8 responses to “Surviving November Pt 2: (Inner) Lawyers, (Inner) Press Secretaries and Presidential Debates”

  1. Tom says:

    David Lynch makes a good point about Haidt’s view of reason at http://opinionator.blogs.nytimes.com/2012/09/30/hope-for-reason/?src=recg. Taken whole hog, it is self-refuting. If all reasoning is “motivated reasoning”, then so is Haidt’s analysis.

    While there’s a great deal of truth in the view of reason Haidt lays out, it can’t be the whole story. I think you allude to this, David, in your citing of Tetlock’s comment that we are trying to convince not only others but also ourselves. Even if our mental effort is 95% self-justfiication, we must acknowledge that it also contains an element of reaching outward beyond ourselves to connect with reality, on pain of incoherence. Even on the stage of a candidates-for-president debate.

    Seems to me Haidt’s lesson ought to be not that reasoning is inevitably and always self-justificatory, but that its difficult but not impossible to get beyond that. is not our argumentative volubility (when we argue) a signal not merely of our own commitment but also of our own ears still straining to hear something from without?

  2. Tom says:

    oops that was Michael Lynch.

    • David Zahl says:

      Tom-
      Great thoughts, and I agree with pretty much everything you write. And I definitely did not mean to say that reason is solely confirmatory and never exploratory – just that it’s much more confirmatory than we care to admit (or than it has traditionally been thought to be) and especially when it comes to argument. So while i’ll absolutely grant that there’s a “reaching outward” that does/can happen, I’m guess I’m more skeptical about it happening in an debate setting.

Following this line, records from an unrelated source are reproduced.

definition first_member :: "'a set \<Rightarrow> 'a \<Rightarrow> bool" where
  "first_member V c \<longleftrightarrow> V \<in> \<U> \<and> c \<in> V \<and> (\<forall>W\<in>\<U>. c \<in> W \<longrightarrow> (V, W) \<in> w)"

definition new_centres :: "nat \<Rightarrow> 'a set \<Rightarrow> 'a set \<Rightarrow> 'a set" where
  "new_centres n V K = {c\<in>M. first_member V c \<and> c \<notin> K \<and> mball c (3 * radius n) \<subseteq> V}"

definition covered :: "nat \<Rightarrow> 'a set" where
  "covered = rec_nat {} (\<lambda>n K. K \<union> (\<Union>V\<in>\<U>. \<Union>c\<in>new_centres n V K. mball c (radius n)))"

definition centres :: "nat \<Rightarrow> 'a set \<Rightarrow> 'a set" where
  "centres n V = new_centres n V (covered n)"

definition cell :: "nat \<Rightarrow> 'a set \<Rightarrow> 'a set" where
  "cell n V = (\<Union>c\<in>centres n V. mball c (radius n))"

lemma covered_iff: "x \<in> covered n \<longleftrightarrow> (\<exists>j<n. \<exists>V\<in>\<U>. x \<in> cell j V)"
proof (induction n)
  case 0 then show ?case by (simp add: covered_def)
next
  case (Suc n)
  have "covered (Suc n) = covered n \<union> (\<Union>V\<in>\<U>. cell n V)"
    by (simp add: covered_def cell_def centres_def)
  then have "x \<in> covered (Suc n) \<longleftrightarrow> (\<exists>j<n. \<exists>V\<in>\<U>. x \<in> cell j V) \<or> (\<exists>V\<in>\<U>. x \<in> cell n V)"
    by (simp add: Suc.IH)
  also have "\<dots> \<longleftrightarrow> (\<exists>j<Suc n. \<exists>V\<in>\<U>. x \<in> cell j V)" by (auto simp: less_Suc_eq)
  finally show ?case .
qed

      That said, i know I’ve found myself disagreeing with someone in person but then later, in non-combat mode, revisiting what they said in more positive light. It helps when you have a relatively uncomplicated relationship to the opponent in question, or a largely positive intuition about them. There’s a great scene of this in Damsels in Distress, where Lily tries on a couple of Violet’s opinions in later conversations (opinions she’d disagreed with when they were initially presented), and argues the opposite. It’s something we all do.

      On the other hand–and far more often, i’m embarrassed to admit–I’ve found myself “building a case” in the physical absence of an opponent (esp when there’s an undercurrent of emotional antagonism, which there often is). So who knows exactly how this happens! Haidt says it much better in his irenic response to Lynch that appeared on Sunday:

      http://opinionator.blogs.nytimes.com/2012/10/07/reasons-matter-when-intuitions-dont-object/?src=recg

      Suffice it to say, when Lynch referred to Haidt’s take as self-refuting, I think he was caricaturing it, in that Haidt never dismisses reason entirely (You could just as easily say it’s self-defending). He’s simply saying it’s the servant of intuition and that to pretend otherwise creates enormous blame and resentment. Anyway… part three coming soon!

  3. Tom says:

    David,
    In the heat of debate one defends rather than reaches. No doubt about that. But one’s heat is surely indicative not merely of a particular conviction but also that one cares about getting the matter right. Why bother to argue if the truth isn’t immensely important?

    We all spend most of our time building cases. I guess I’m a little less bothered by that. Is it not merely creditable that we seek to defend the place we find ourselves in; is it not obligatory to test the strength of one’s position before shifting one’s ground? And, over time, many of us do move on from positions we have passionately argued for. As you say, when the passion subsides we find it easier to follow the implications of opposing arguments.

    Being an argumentative sort, I will say that the heat of it can be quite disturbing, the more so the more humanly concrete one’s opponent is—perhaps most disturbing when one is contending with a friend. I struggle with that a bit. Perhaps because the heat can become less commitment to truth than something altogether less creditable–a striving for control. Deep waters there.

    Haidt properly disclaims a-too-dismissive view of reason. It still seems to me that an overly dismissive view is something to be guarded against.

    Very nice and provocative posts!